■ What you should do ■
A word-for-word transcription of the data below is required.

Source records:
lemma sat_BigOr_imp_member:
  assumes "phis \<noteq> []" "distinct phis" "pairwise (incompatible Ran) (set phis)"
    and "causal_team Ran F T" "sat Ran F T (BigOr phis)"
  shows "\<exists>\<phi> \<in> set phis. sat Ran F T \<phi>"
  using assms
proof (induction phis arbitrary: T rule: BigOr.induct)
  case (3 a b xs)
  obtain T1 T2 where split: "T1 \<union> T2 = T" "T1 \<subseteq> T" "T2 \<subseteq> T"
    and sat_a: "sat Ran F T1 a" and sat_rest: "sat Ran F T2 (BigOr (b # xs))"
    using "3.prems"(5) by auto
  have team1: "causal_team Ran F T1" and team2: "causal_team Ran F T2"
    using "3.prems"(4) split causal_team_subset by blast+
  have rest_incompatible: "pairwise (incompatible Ran) (set (b # xs))"
    using "3.prems"(3) pairwise_subset by (metis set_subset_Cons)
  obtain \<psi> where \<psi>: "\<psi> \<in> set (b # xs)" "sat Ran F T2 \<psi>"
    using "3.IH"[OF _ _ rest_incompatible team2 sat_rest] "3.prems"(2) by auto
  have "a \<noteq> \<psi>"
    using "3.prems"(2) \<psi>(1) by auto
  then have "incompatible Ran a \<psi>"
    using "3.prems"(3) \<psi>(1) unfolding pairwise_def by auto
  then have "T1 = {} \<or> T2 = {}"
    using incompatible_same_system_empty team1 sat_a team2 \<psi>(2) by blast
  then show ?case
    using split sat_a \<psi> by auto
qed auto

theorem lemma3p9:
  fixes Ran :: "'v::finite \<Rightarrow> 'a set" and phis :: "('v, 'a) fml list"
  assumes "signature Ran"
    and "phis \<noteq> []"
    and "distinct phis"
    and "(\<forall>\<phi> \<in> set phis. is_COD \<phi> \<and> wf_fml Ran \<phi>) \<or> (\<forall>\<phi> \<in> set phis. is_COsq \<phi> \<and> wf_fml Ran \<phi>)"
    and "\<forall>i < length phis. \<forall>j < length phis. i \<noteq> j \<longrightarrow> incompatible Ran (phis ! i) (phis ! j)"
  shows "equiv_c Ran (BigTor phis) (BigOr phis)"
proof -
  have pairwise_incompatible: "pairwise (incompatible Ran) (set phis)"
  proof (rule pairwiseI)
    fix \<phi> \<psi> assume "\<phi> \<in> set phis" "\<psi> \<in> set phis" "\<phi> \<noteq> \<psi>"
    then obtain i j where "i < length phis" "j < length phis" "i \<noteq> j"
      and "\<phi> = phis ! i" "\<psi> = phis ! j"
      by (metis in_set_conv_nth)
    then show "incompatible Ran \<phi> \<psi>"
      using assms(5) by blast
  qed
  show ?thesis
    unfolding equiv_c_def
    using sat_BigTor_iff[OF assms(2)] sat_BigOr_if_member
      sat_BigOr_imp_member[OF assms(2,3) pairwise_incompatible]
    by blast
qed

end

■ Answer ■
lemma sat_BigOr_imp_member:
  assumes "phis \<noteq> []" "distinct phis" "pairwise (incompatible Ran) (set phis)"
    and "causal_team Ran F T" "sat Ran F T (BigOr phis)"
  shows "\<exists>\<phi> \<in> set phis. sat Ran F T \<phi>"
  using assms
proof (induction phis arbitrary: T rule: BigOr.induct)
  case (3 a b xs)
  obtain T1 T2 where split: "T1 \<union> T2 = T" "T1 \<subseteq> T" "T2 \<subseteq> T"
    and sat_a: "sat Ran F T1 a" and sat_rest: "sat Ran F T2 (BigOr (b # xs))"
    using "3.prems"(5) by auto
  have team1: "causal_team Ran F T1" and team2: "causal_team Ran F T2"
    using "3.prems"(4) split causal_team_subset by blast+
  have rest_incompatible: "pairwise (incompatible Ran) (set (b # xs))"
    using "3.prems"(3) pairwise_subset by (metis set_subset_Cons)
  obtain \<psi> where \<psi>: "\<psi> \<in> set (b # xs)" "sat Ran F T2 \<psi>"
    using "3.IH"[OF _ _ rest_incompatible team2 sat_rest] "3.prems"(2) by auto
  have "a \<noteq> \<psi>"
    using "3.prems"(2) \<psi>(1) by auto
  then have "incompatible Ran a \<psi>"
    using "3.prems"(3) \<psi>(1) unfolding pairwise_def by auto
  then have "T1 = {} \<or> T2 = {}"
    using incompatible_same_system_empty team1 sat_a team2 \<psi>(2) by blast
  then show ?case
    using split sat_a \<psi> by auto
qed auto

theorem lemma3p9:
  fixes Ran :: "'v::finite \<Rightarrow> 'a set" and phis :: "('v, 'a) fml list"
  assumes "signature Ran"
    and "phis \<noteq> []"
    and "distinct phis"
    and "(\<forall>\<phi> \<in> set phis. is_COD \<phi> \<and> wf_fml Ran \<phi>) \<or> (\<forall>\<phi> \<in> set phis. is_COsq \<phi> \<and> wf_fml Ran \<phi>)"
    and "\<forall>i < length phis. \<forall>j < length phis. i \<noteq> j \<longrightarrow> incompatible Ran (phis ! i) (phis ! j)"
  shows "equiv_c Ran (BigTor phis) (BigOr phis)"
proof -
  have pairwise_incompatible: "pairwise (incompatible Ran) (set phis)"
  proof (rule pairwiseI)
    fix \<phi> \<psi> assume "\<phi> \<in> set phis" "\<psi> \<in> set phis" "\<phi> \<noteq> \<psi>"
    then obtain i j where "i < length phis" "j < length phis" "i \<noteq> j"
      and "\<phi> = phis ! i" "\<psi> = phis ! j"
      by (metis in_set_conv_nth)
    then show "incompatible Ran \<phi> \<psi>"
      using assms(5) by blast
  qed
  show ?thesis
    unfolding equiv_c_def
    using sat_BigTor_iff[OF assms(2)] sat_BigOr_if_member
      sat_BigOr_imp_member[OF assms(2,3) pairwise_incompatible]
    by blast
qed

end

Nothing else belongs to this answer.